Looking at the records below, count how many lines contain the string "intro". Give that number alone.

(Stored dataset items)
--- --- ---

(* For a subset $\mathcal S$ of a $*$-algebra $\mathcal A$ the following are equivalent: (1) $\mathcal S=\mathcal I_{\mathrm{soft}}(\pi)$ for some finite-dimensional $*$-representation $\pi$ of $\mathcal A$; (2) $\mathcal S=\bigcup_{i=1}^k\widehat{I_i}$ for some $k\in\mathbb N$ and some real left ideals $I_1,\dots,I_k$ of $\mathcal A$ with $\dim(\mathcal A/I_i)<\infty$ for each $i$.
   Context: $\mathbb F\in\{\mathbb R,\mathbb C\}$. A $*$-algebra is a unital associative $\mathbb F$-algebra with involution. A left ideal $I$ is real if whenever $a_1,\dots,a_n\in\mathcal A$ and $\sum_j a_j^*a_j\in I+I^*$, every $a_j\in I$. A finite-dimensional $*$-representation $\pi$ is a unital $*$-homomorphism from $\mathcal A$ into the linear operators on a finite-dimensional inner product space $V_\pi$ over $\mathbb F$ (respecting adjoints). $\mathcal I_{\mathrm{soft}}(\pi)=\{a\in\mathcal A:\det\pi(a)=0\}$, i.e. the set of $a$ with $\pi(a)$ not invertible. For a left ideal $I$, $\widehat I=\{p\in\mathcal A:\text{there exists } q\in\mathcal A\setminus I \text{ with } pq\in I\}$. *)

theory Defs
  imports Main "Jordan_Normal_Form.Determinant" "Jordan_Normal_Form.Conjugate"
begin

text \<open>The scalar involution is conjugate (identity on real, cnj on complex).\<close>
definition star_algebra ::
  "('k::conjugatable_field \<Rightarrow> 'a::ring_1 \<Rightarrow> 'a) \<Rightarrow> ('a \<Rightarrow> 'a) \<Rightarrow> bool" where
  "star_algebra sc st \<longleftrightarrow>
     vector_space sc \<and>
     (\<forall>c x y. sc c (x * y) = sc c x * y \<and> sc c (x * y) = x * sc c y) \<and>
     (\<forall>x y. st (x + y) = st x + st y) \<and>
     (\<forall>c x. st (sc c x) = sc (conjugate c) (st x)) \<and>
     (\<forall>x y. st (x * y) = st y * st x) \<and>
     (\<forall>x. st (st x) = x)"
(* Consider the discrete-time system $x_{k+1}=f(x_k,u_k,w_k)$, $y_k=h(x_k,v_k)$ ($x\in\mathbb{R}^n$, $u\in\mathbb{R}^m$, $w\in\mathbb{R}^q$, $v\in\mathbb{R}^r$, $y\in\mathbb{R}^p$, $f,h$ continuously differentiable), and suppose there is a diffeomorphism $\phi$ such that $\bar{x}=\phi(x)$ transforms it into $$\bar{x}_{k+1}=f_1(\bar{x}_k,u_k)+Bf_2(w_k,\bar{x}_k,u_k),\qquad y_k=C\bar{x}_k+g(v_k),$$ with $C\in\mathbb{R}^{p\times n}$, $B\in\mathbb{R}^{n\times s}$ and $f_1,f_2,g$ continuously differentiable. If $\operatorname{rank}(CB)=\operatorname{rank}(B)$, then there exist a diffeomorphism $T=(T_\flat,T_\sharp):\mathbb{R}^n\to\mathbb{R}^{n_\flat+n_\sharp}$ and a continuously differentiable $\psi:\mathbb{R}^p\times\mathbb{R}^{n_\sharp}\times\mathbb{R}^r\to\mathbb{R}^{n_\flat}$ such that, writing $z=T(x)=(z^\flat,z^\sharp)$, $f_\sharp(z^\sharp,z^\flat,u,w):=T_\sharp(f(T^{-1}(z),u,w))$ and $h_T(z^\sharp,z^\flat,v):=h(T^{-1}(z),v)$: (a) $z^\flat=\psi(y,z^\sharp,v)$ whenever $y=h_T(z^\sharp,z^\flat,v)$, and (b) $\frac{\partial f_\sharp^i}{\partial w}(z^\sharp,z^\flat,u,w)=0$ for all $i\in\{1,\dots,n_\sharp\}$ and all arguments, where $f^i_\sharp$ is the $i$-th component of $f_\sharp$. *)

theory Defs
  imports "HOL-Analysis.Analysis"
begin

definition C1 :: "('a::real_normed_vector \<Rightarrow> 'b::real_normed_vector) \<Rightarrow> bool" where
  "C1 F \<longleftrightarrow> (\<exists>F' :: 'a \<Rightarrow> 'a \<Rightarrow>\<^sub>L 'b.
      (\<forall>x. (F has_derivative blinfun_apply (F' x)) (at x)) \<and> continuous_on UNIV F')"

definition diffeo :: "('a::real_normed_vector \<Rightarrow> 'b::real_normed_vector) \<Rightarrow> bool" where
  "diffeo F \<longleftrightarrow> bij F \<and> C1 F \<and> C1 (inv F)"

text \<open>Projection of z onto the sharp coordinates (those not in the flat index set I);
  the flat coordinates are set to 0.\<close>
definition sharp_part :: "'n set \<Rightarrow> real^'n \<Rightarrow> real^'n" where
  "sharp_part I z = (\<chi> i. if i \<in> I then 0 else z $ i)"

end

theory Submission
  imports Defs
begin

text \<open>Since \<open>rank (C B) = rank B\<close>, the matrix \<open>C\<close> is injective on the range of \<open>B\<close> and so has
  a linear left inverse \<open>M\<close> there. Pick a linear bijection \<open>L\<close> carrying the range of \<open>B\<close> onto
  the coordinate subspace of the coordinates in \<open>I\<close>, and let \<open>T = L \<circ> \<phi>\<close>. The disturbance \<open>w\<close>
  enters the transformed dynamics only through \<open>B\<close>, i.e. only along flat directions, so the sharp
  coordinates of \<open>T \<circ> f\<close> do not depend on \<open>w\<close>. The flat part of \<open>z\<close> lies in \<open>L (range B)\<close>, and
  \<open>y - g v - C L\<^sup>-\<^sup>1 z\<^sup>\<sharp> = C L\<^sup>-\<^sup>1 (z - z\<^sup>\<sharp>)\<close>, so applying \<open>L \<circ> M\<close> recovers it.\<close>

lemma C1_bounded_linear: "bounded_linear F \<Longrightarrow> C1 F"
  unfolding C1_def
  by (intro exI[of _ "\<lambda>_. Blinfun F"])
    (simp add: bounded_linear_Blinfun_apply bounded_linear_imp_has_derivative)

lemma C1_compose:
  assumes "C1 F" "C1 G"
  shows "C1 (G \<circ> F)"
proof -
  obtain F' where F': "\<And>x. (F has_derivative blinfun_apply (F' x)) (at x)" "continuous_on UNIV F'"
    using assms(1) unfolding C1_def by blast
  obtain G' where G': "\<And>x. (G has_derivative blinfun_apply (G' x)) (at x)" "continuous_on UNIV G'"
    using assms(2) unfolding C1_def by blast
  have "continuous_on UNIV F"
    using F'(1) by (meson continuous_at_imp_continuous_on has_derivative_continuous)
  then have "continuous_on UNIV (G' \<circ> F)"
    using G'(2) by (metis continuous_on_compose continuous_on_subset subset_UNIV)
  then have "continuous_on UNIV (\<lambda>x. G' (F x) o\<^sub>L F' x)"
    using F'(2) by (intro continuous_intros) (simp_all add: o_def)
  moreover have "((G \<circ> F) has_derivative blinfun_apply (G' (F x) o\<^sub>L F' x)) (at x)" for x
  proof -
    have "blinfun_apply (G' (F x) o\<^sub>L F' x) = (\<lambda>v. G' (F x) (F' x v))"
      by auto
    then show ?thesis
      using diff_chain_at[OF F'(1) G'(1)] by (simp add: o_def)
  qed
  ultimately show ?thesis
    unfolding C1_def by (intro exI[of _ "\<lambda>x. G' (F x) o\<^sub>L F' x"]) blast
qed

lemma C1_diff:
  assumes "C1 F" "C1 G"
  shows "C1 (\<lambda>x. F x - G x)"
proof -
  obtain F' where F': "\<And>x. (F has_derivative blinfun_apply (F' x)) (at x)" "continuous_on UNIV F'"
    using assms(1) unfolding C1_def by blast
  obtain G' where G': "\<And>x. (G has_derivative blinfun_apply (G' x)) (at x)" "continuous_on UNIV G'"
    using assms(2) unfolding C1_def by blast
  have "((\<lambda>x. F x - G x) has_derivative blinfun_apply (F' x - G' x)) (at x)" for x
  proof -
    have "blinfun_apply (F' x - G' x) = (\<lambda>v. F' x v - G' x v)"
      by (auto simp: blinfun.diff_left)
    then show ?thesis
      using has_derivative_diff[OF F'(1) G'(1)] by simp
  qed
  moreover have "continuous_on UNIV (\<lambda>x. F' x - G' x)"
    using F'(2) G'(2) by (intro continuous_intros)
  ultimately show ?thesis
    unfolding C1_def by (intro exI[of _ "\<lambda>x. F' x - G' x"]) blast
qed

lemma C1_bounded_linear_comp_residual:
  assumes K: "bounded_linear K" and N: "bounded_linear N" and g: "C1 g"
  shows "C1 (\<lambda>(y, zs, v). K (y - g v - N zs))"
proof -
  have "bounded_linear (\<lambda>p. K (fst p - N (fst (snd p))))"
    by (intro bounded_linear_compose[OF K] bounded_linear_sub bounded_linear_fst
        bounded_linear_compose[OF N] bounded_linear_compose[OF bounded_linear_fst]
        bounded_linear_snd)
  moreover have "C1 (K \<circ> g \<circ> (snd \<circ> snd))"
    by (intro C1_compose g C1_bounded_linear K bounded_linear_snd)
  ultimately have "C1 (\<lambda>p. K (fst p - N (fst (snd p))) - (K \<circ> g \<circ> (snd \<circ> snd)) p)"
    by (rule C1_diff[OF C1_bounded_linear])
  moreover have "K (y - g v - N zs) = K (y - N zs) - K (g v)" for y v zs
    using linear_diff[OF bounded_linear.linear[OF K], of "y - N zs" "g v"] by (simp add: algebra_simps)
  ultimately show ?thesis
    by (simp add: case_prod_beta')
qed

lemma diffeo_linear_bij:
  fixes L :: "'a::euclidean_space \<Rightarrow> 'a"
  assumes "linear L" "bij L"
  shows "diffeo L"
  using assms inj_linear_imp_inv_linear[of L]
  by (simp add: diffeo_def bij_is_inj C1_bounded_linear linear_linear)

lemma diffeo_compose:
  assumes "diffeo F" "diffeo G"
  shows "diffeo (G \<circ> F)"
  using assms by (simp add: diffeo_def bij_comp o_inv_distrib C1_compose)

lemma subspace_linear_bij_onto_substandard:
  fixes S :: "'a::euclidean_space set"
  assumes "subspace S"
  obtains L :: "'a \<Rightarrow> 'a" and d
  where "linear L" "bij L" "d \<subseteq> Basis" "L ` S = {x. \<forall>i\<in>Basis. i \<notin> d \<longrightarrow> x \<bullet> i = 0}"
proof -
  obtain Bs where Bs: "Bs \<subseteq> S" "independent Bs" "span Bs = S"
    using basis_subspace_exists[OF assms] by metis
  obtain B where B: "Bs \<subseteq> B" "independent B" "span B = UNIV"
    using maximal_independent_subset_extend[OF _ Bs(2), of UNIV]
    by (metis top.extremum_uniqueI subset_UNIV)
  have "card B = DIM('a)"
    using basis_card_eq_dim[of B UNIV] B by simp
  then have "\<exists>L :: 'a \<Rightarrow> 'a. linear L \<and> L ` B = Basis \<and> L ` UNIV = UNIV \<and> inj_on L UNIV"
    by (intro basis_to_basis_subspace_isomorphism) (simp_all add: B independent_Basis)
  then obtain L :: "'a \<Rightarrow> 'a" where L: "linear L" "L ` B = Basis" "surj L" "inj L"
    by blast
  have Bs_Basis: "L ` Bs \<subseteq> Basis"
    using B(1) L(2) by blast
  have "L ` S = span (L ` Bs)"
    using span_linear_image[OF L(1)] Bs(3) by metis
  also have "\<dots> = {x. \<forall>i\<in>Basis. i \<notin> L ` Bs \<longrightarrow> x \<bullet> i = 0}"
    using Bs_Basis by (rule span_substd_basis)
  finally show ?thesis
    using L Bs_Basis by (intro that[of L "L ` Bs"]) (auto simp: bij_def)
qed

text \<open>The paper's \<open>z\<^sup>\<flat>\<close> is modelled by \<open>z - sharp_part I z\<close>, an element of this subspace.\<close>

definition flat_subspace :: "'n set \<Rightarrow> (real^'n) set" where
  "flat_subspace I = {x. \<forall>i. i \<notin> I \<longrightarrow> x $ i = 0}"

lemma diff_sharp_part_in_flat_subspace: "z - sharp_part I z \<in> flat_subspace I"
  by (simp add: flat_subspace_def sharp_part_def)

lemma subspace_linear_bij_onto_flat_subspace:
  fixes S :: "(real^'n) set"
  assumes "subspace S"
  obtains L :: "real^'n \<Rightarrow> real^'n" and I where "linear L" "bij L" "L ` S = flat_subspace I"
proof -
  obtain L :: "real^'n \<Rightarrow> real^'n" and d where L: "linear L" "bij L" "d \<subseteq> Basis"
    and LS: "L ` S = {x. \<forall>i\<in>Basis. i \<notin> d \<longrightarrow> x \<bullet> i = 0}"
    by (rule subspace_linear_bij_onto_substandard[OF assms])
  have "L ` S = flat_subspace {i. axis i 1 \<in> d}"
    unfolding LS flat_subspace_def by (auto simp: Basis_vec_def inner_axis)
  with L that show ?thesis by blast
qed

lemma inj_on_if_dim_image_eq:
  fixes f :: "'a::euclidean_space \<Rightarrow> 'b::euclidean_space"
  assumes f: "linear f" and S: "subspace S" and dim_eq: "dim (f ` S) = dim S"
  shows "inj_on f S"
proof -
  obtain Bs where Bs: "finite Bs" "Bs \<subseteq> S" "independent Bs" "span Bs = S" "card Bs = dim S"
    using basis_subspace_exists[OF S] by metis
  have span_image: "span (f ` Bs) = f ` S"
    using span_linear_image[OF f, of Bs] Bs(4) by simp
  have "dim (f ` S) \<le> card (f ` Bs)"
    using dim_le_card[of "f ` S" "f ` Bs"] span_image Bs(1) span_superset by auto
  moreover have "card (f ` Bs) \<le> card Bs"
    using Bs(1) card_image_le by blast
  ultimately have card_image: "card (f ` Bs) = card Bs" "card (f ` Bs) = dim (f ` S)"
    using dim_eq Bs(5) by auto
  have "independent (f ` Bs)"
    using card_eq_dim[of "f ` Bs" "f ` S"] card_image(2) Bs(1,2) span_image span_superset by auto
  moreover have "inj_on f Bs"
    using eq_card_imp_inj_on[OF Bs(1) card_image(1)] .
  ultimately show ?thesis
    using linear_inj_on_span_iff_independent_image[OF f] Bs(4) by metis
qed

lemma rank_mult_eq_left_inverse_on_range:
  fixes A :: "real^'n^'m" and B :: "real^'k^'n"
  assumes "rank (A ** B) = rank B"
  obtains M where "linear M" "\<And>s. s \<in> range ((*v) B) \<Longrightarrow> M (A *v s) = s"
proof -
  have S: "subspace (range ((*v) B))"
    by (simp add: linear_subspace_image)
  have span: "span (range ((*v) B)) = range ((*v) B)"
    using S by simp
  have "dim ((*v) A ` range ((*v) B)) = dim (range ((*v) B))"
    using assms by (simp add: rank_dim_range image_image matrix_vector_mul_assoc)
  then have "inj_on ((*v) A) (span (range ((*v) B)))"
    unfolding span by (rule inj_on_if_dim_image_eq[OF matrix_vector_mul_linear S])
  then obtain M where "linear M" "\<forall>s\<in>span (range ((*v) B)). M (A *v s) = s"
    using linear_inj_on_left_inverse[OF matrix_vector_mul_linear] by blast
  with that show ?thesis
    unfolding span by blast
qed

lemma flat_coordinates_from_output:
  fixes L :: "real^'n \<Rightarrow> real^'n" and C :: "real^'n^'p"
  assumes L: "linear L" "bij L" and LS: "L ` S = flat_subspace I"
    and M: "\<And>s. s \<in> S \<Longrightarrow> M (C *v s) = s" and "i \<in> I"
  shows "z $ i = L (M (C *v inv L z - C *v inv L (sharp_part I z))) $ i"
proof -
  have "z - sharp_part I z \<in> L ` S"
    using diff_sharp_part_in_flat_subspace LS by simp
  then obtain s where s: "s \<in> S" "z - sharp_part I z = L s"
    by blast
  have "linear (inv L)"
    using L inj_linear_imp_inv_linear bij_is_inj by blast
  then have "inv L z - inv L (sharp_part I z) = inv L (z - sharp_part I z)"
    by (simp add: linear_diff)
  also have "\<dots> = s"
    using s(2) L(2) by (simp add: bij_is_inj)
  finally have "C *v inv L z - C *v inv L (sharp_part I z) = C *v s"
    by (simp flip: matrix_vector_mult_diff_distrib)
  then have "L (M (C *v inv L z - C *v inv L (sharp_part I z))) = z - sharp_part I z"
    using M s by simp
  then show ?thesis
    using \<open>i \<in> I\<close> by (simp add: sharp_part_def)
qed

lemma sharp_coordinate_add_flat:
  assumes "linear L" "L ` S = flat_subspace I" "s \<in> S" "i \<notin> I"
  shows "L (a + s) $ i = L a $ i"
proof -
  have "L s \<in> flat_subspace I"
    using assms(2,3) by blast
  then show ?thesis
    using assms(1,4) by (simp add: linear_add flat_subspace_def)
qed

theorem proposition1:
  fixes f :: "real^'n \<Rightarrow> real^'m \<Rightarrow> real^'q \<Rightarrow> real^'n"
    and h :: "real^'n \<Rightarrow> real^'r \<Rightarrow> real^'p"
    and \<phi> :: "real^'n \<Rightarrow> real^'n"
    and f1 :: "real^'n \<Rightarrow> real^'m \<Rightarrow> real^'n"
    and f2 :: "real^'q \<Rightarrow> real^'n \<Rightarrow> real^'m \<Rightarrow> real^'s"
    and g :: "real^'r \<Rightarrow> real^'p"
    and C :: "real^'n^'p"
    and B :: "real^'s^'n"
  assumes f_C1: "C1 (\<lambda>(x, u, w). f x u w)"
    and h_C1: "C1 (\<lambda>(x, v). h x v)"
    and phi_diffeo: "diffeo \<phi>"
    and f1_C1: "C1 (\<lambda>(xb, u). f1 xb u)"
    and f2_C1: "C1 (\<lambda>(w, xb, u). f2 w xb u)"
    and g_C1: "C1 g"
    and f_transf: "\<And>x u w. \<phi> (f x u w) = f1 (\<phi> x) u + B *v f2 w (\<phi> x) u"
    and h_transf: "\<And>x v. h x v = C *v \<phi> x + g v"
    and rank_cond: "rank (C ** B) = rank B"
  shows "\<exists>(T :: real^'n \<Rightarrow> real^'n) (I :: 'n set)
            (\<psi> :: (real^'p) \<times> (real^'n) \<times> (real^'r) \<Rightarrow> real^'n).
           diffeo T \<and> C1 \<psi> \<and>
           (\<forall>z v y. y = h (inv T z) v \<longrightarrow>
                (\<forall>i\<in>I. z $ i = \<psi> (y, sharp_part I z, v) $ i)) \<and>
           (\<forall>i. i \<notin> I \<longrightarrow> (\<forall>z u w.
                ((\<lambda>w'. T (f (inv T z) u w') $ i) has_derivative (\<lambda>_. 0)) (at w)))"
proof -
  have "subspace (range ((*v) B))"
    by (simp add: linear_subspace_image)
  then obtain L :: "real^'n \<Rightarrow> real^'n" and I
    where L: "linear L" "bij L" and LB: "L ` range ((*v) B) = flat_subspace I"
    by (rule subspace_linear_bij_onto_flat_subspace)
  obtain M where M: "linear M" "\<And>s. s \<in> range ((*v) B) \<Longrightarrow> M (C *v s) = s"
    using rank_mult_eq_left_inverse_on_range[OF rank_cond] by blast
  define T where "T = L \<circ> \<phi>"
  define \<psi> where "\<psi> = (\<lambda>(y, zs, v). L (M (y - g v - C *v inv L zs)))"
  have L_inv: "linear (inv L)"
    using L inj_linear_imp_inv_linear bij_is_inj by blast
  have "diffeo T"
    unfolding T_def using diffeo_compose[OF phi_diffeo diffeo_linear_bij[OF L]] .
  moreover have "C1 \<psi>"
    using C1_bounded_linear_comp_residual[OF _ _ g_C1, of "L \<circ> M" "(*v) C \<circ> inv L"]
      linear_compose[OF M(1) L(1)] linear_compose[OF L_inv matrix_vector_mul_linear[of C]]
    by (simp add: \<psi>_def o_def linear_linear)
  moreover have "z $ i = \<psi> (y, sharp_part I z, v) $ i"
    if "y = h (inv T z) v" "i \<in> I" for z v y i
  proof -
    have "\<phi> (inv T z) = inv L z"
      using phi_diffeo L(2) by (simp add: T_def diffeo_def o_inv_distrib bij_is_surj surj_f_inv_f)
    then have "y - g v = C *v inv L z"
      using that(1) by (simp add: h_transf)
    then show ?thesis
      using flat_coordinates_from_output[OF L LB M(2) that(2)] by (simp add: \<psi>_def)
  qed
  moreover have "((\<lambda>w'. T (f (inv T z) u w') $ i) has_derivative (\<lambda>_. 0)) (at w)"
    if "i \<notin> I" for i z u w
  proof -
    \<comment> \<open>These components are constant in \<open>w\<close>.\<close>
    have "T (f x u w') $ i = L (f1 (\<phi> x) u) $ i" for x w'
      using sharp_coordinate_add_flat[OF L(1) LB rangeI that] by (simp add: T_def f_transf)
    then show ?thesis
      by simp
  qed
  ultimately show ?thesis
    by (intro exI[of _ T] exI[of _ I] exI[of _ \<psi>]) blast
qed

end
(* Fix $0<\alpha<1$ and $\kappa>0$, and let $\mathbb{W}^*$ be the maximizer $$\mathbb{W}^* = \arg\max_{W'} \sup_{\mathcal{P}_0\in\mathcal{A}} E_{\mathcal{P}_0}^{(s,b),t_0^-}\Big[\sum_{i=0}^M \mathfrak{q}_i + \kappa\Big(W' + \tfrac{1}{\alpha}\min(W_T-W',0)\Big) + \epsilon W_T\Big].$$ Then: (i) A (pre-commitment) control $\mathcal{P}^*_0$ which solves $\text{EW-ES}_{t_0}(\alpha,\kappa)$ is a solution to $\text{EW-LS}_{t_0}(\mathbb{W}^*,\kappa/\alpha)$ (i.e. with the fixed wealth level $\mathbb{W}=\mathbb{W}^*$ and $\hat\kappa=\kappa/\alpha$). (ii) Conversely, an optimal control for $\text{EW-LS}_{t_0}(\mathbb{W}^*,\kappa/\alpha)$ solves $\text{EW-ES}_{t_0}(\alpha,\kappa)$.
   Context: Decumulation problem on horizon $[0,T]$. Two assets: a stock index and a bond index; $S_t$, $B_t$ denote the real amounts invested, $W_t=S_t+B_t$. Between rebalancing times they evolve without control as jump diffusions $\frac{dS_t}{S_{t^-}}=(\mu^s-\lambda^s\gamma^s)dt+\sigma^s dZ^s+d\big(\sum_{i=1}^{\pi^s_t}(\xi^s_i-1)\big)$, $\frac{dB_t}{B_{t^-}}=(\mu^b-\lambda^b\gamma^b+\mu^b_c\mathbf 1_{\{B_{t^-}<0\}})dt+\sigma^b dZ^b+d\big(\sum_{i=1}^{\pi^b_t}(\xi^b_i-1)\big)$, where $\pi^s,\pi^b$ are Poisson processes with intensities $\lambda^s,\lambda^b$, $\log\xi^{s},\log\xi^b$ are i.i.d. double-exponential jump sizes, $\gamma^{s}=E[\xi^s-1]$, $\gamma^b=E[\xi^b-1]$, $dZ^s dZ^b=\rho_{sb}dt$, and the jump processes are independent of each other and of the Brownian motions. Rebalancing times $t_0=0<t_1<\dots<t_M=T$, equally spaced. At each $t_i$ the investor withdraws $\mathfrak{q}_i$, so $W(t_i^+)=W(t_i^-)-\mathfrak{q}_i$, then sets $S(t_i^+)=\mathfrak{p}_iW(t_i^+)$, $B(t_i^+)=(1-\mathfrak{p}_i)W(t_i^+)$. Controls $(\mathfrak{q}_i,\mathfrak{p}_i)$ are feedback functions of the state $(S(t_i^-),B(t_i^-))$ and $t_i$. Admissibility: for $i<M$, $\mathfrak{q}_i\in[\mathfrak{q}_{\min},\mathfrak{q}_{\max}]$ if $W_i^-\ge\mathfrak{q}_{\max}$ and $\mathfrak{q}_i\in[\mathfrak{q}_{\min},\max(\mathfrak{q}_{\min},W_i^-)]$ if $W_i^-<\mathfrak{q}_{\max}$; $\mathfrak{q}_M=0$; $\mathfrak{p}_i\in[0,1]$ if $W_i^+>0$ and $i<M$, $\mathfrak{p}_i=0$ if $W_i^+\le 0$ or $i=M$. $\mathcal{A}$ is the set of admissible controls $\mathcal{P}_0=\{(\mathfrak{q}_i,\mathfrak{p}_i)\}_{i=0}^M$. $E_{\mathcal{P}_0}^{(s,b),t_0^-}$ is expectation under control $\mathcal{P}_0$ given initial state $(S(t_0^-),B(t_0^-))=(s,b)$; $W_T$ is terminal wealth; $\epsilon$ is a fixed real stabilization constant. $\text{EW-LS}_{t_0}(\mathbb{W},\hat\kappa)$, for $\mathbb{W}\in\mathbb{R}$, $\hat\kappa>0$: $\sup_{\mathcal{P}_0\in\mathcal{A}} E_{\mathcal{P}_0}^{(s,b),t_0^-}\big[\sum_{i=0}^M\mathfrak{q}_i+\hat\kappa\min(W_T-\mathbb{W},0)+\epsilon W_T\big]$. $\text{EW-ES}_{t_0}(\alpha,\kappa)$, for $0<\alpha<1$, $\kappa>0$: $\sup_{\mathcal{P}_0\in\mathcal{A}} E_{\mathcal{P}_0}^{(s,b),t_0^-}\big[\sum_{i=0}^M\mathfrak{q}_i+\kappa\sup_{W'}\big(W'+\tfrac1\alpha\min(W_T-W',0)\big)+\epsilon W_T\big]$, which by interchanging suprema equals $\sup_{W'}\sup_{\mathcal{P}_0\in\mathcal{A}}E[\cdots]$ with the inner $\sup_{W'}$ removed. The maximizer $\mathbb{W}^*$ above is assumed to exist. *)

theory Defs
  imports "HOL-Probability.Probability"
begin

--- --- ---

Reply to the exercise
10